**TASK STATEMENT**
Select and copy out every line in the records containing "linarith".

**EXTRACTED MATERIAL**

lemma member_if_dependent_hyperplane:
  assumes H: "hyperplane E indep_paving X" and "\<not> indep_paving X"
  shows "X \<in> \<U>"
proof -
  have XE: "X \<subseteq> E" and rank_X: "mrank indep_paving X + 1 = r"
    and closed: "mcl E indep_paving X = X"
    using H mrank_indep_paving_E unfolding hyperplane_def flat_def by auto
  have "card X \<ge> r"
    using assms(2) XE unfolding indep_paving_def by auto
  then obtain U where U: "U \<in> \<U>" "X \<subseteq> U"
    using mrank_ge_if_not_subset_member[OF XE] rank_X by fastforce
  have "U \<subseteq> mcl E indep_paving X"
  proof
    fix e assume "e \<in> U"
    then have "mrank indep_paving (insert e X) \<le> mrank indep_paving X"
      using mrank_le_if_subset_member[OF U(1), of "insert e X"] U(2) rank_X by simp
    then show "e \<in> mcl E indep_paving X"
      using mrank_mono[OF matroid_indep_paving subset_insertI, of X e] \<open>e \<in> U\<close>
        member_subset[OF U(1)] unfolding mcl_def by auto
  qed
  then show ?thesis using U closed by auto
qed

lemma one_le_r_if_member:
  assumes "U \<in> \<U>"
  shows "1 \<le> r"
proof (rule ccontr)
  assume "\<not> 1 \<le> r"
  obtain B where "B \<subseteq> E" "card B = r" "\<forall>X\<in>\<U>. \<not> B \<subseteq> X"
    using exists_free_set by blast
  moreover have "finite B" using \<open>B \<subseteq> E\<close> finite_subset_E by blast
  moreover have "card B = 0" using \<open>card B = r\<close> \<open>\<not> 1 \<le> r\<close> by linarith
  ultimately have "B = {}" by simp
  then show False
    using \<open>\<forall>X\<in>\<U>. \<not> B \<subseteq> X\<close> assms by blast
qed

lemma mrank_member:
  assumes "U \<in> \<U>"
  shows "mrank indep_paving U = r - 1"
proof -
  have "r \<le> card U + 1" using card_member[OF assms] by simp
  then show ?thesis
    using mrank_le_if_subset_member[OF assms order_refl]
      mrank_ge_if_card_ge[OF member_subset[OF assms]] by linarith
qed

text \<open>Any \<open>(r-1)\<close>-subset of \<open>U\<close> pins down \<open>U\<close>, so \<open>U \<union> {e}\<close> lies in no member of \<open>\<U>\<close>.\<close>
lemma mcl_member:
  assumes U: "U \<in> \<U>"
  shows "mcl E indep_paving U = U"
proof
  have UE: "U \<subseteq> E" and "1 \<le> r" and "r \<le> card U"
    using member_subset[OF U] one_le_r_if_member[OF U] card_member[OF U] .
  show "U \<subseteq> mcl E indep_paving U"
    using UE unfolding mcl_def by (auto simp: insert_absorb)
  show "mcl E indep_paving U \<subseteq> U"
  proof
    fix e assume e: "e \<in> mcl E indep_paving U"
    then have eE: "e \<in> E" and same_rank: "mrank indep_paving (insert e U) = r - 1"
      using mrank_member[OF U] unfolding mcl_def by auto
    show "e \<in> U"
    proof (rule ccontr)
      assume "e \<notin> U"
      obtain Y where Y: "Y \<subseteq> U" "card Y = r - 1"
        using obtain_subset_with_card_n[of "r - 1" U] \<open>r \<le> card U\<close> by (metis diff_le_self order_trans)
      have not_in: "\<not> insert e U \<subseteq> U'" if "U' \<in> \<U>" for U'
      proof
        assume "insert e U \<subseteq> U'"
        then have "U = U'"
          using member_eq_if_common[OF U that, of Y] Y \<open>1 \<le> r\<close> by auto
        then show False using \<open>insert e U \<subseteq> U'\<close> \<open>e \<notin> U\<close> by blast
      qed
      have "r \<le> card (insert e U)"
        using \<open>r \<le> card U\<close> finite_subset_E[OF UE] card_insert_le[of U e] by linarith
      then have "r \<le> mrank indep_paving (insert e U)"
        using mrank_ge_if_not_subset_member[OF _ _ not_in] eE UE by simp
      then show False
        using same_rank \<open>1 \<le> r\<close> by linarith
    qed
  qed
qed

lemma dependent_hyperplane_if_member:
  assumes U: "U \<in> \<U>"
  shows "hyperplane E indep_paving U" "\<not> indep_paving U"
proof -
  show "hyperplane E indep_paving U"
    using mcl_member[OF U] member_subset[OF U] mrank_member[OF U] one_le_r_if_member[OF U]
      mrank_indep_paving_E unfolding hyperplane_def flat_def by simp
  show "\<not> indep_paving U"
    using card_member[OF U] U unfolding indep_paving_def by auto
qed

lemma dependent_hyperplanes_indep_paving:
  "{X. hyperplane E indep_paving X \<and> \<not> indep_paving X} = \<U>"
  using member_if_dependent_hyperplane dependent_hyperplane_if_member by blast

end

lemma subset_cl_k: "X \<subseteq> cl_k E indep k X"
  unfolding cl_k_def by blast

...

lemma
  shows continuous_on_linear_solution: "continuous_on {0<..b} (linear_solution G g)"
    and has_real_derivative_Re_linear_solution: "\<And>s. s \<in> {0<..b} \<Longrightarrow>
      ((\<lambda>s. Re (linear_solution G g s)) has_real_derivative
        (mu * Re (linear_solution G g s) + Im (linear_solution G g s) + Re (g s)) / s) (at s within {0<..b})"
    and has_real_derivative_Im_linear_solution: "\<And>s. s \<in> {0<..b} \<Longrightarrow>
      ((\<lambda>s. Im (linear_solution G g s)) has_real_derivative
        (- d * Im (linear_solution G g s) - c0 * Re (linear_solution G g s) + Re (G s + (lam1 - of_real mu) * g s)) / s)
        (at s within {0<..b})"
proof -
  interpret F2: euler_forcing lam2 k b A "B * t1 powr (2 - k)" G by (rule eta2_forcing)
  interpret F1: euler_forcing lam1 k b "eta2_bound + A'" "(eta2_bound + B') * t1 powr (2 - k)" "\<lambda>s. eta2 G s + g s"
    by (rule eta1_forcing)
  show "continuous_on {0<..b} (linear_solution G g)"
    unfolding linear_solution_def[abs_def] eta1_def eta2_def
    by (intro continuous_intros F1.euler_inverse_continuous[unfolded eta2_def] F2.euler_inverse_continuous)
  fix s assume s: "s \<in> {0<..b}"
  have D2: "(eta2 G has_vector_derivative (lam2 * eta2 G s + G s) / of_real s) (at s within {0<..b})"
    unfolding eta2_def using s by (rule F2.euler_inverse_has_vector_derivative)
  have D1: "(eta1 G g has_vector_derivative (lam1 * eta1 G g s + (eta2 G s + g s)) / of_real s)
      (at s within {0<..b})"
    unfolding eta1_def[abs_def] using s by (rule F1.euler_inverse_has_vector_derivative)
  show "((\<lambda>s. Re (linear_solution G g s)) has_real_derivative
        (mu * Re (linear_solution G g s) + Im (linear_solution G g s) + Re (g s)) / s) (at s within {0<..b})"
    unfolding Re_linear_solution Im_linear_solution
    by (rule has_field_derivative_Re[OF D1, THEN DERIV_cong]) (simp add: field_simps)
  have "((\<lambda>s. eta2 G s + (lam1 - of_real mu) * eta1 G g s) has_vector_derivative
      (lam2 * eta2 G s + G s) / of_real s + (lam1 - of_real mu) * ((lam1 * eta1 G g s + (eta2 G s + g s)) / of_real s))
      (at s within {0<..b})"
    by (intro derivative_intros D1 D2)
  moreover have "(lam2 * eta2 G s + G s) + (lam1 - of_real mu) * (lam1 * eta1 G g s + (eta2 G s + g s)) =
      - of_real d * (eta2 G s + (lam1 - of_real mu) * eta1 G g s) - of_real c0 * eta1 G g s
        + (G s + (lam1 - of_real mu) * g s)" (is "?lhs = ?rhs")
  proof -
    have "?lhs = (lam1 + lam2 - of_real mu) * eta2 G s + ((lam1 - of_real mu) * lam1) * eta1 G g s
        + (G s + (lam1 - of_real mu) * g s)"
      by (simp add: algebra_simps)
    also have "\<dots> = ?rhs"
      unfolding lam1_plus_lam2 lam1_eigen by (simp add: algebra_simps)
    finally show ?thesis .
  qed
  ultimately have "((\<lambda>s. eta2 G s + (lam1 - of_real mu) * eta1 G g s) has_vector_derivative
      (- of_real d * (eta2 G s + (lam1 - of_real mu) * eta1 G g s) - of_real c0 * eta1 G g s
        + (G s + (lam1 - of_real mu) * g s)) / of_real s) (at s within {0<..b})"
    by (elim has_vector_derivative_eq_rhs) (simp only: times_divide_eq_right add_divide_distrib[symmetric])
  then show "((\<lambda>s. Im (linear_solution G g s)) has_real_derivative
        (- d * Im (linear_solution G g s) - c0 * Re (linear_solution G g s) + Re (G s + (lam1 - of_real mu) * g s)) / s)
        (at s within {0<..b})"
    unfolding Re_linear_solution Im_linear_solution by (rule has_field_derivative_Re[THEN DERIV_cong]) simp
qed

**EXERCISE SOLUTION**
  moreover have "card B = 0" using \<open>card B = r\<close> \<open>\<not> 1 \<le> r\<close> by linarith
      mrank_ge_if_card_ge[OF member_subset[OF assms]] by linarith
        using \<open>r \<le> card U\<close> finite_subset_E[OF UE] card_insert_le[of U e] by linarith
        using same_rank \<open>1 \<le> r\<close> by linarith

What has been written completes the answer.